DESCRIPTION OF THE TASK: Print out the records in full, keeping each word unchanged.

RECORD EXTRACTS:
lemma ex_core_point_less_iff:
  assumes "D \<noteq> {}" and S: "S \<subseteq> {1..N}"
  shows "(\<exists>x\<in>scenario_core N u vN D. (\<Sum>i\<in>S. x i) < r) \<longleftrightarrow>
    (\<exists>r'\<in>\<rat> \<inter> {..<r}. \<forall>n::nat. \<exists>q\<in>rat_vectors N. near_core_point N u vN D S r' (1 / (real n + 1)) q)"
proof
  assume "\<exists>x\<in>scenario_core N u vN D. (\<Sum>i\<in>S. x i) < r"
  then obtain x r' where x: "x \<in> scenario_core N u vN D" "(\<Sum>i\<in>S. x i) < r'" "r' \<in> \<rat>" "r' < r"
    by (meson Rats_dense_in_real)
  have "\<forall>n::nat. \<exists>q\<in>rat_vectors N. near_core_point N u vN D S r' (1 / (real n + 1)) q"
    using ex_rat_near_core_point[OF x(1) S x(2)] by simp
  with x(3,4) show "\<exists>r'\<in>\<rat> \<inter> {..<r}. \<forall>n::nat. \<exists>q\<in>rat_vectors N. near_core_point N u vN D S r' (1 / (real n + 1)) q"
    by blast
next
  assume "\<exists>r'\<in>\<rat> \<inter> {..<r}. \<forall>n::nat. \<exists>q\<in>rat_vectors N. near_core_point N u vN D S r' (1 / (real n + 1)) q"
  then obtain r' where r': "r' < r" "\<And>n::nat. \<exists>q. near_core_point N u vN D S r' (1 / (real n + 1)) q"
    by blast
  obtain d where "d \<in> D" using \<open>D \<noteq> {}\<close> by blast
  from ex_core_point_of_near_core_points[OF this S r'(2)] r'(1)
  show "\<exists>x\<in>scenario_core N u vN D. (\<Sum>i\<in>S. x i) < r" by force
qed

section \<open>Measurability of the events\<close>

lemma near_core_point_image:
  "near_core_point N u vN (\<omega> ` I) S r e q \<longleftrightarrow>
     (\<bar>(\<Sum>i\<in>{1..N}. q i) - vN\<bar> \<le> e \<and> (\<Sum>i\<in>S. q i) \<le> r) \<and>
     (\<forall>T\<in>{T. T \<subset> {1..N}}. \<forall>k\<in>I. u T (\<omega> k) \<le> (\<Sum>i\<in>T. q i) + e)"
  unfolding near_core_point_def Ball_def mem_Collect_eq image_iff
  by (intro iffI conjI; elim conjE; blast)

RESPONSE BELOW:
lemma ex_core_point_less_iff:
  assumes "D \<noteq> {}" and S: "S \<subseteq> {1..N}"
  shows "(\<exists>x\<in>scenario_core N u vN D. (\<Sum>i\<in>S. x i) < r) \<longleftrightarrow>
    (\<exists>r'\<in>\<rat> \<inter> {..<r}. \<forall>n::nat. \<exists>q\<in>rat_vectors N. near_core_point N u vN D S r' (1 / (real n + 1)) q)"
proof
  assume "\<exists>x\<in>scenario_core N u vN D. (\<Sum>i\<in>S. x i) < r"
  then obtain x r' where x: "x \<in> scenario_core N u vN D" "(\<Sum>i\<in>S. x i) < r'" "r' \<in> \<rat>" "r' < r"
    by (meson Rats_dense_in_real)
  have "\<forall>n::nat. \<exists>q\<in>rat_vectors N. near_core_point N u vN D S r' (1 / (real n + 1)) q"
    using ex_rat_near_core_point[OF x(1) S x(2)] by simp
  with x(3,4) show "\<exists>r'\<in>\<rat> \<inter> {..<r}. \<forall>n::nat. \<exists>q\<in>rat_vectors N. near_core_point N u vN D S r' (1 / (real n + 1)) q"
    by blast
next
  assume "\<exists>r'\<in>\<rat> \<inter> {..<r}. \<forall>n::nat. \<exists>q\<in>rat_vectors N. near_core_point N u vN D S r' (1 / (real n + 1)) q"
  then obtain r' where r': "r' < r" "\<And>n::nat. \<exists>q. near_core_point N u vN D S r' (1 / (real n + 1)) q"
    by blast
  obtain d where "d \<in> D" using \<open>D \<noteq> {}\<close> by blast
  from ex_core_point_of_near_core_points[OF this S r'(2)] r'(1)
  show "\<exists>x\<in>scenario_core N u vN D. (\<Sum>i\<in>S. x i) < r" by force
qed

section \<open>Measurability of the events\<close>

lemma near_core_point_image:
  "near_core_point N u vN (\<omega> ` I) S r e q \<longleftrightarrow>
     (\<bar>(\<Sum>i\<in>{1..N}. q i) - vN\<bar> \<le> e \<and> (\<Sum>i\<in>S. q i) \<le> r) \<and>
     (\<forall>T\<in>{T. T \<subset> {1..N}}. \<forall>k\<in>I. u T (\<omega> k) \<le> (\<Sum>i\<in>T. q i) + e)"
  unfolding near_core_point_def Ball_def mem_Collect_eq image_iff
  by (intro iffI conjI; elim conjE; blast)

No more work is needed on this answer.